The client sending the logs is on RHEL 7 and our server is running Graylog 4.2.5
3. What steps have you already taken to try and solve the problem?
We have setup the lookup table and running the test lookup correctly shows the username instead of the UID, so we think this part is okay. Am having some issues understanding the pipeline portion. My understanding is that we create a pipeline rule and then attach it to our stream.
Ultimately we’d want the rule to replace any UID that matches in the CSV and replace it with the username but was trying with a single UID to simplify it.
rule "UID to Username"
when
has_field("message") AND contains(to_string($message.uid),"1914600003")
then
//Change UID to Username
let update_source = lookup_value("lookup_username",$message.uid);
set_field("message",update_source);
end
Was using this as reference as thought it closely resembled what we are trying to do:
I have done something similar to what you want to do, except I have not used lookup_table.

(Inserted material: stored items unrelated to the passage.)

lemma norm_add_scaleR_le:
  fixes p q :: "'a::real_normed_vector"
  assumes "norm p \<le> c" and "norm (p + q) \<le> c" and "0 \<le> \<theta>" and "\<theta> \<le> 1"
  shows "norm (p + \<theta> *\<^sub>R q) \<le> c"
proof -
  have "(1 - \<theta>) *\<^sub>R p + \<theta> *\<^sub>R (p + q) \<in> cball 0 c"
    using assms by (intro convexD_alt convex_cball) auto
  moreover have "(1 - \<theta>) *\<^sub>R p + \<theta> *\<^sub>R (p + q) = p + \<theta> *\<^sub>R q"
    by (simp add: algebra_simps)
  ultimately show ?thesis by simp
qed

lemma bj_orth_scaleR_le_norm:
  fixes u v :: "'a::real_normed_vector"
  assumes "bj_orth u v"
  shows "\<bar>a\<bar> * norm u \<le> norm (a *\<^sub>R u + b *\<^sub>R v)"
proof (cases "a = 0")
  case False
  have "a *\<^sub>R u + b *\<^sub>R v = a *\<^sub>R (u + (b / a) *\<^sub>R v)"
    using False by (simp add: scaleR_add_right)
  moreover have "norm u \<le> norm (u + (b / a) *\<^sub>R v)"
    using assms unfolding bj_orth_def by blast
  ultimately show ?thesis by (simp add: mult_left_mono)
qed simp

lemma bj_orth_if_supporting_functional:
  assumes "bounded_linear f" and "onorm f \<le> 1" and "f u = norm u" and "f v = 0"
  shows "bj_orth u v"
  unfolding bj_orth_def
proof
  interpret bounded_linear f by fact
  fix l :: real
  have "norm u = f (u + l *\<^sub>R v)"
    using assms(3,4) by (simp add: add scaleR)
  also have "\<dots> \<le> norm (u + l *\<^sub>R v)"
    using norm_le_if_onorm_le_one[OF assms(1,2)] by (metis abs_le_D1 real_norm_def)
  finally show "norm u \<le> norm (u + l *\<^sub>R v)" .
qed

lemma strictly_convex_space_no_segment:
  fixes v d :: "'b::real_normed_vector"
  assumes "strictly_convex_space TYPE('b)"
    and "norm v = 1" and "norm (v + d) \<le> 1" and "norm (v - d) \<le> 1"
  shows "d = 0"
proof (rule ccontr)
  assume "d \<noteq> 0"
  have mid: "(1/2) *\<^sub>R ((v + d) + (v - d)) = v"
    by (simp add: scaleR_add_right scaleR_diff_right flip: scaleR_add_left)
  have "2 = norm ((v + d) + (v - d))"
    using assms(2) by (simp flip: scaleR_2)
  also have "\<dots> \<le> norm (v + d) + norm (v - d)"
    by (rule norm_triangle_ineq)
  finally have "norm (v + d) = 1" "norm (v - d) = 1"
    using assms(3,4) by linarith+
  moreover have "v + d \<noteq> v - d"
  proof
    assume "v + d = v - d"
    then have "2 *\<^sub>R d = 0"
      by (simp add: scaleR_2 algebra_simps)
    with \<open>d \<noteq> 0\<close> show False by simp
  qed
  ultimately have "norm v < 1"
    using assms(1) mid unfolding strictly_convex_space_def by metis
  with assms(2) show False by simp
qed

What I can do is show my configurations and perhaps it will help.
Graylog uses UUID in rest.accesslog for user names, so what I had to do is get that UUID then create a field for it, then using a pipeline change the UUID into a human readable name.
rule "Graylog Web Access Greg"
when
has_field("graylog_gui") AND contains(to_string($message.graylog_gui), "5e224e7683d72eff75055199")
then
set_field("graylog_gui","greg.smith");
end
The rule is close but you are referencing “message” which is the entire message…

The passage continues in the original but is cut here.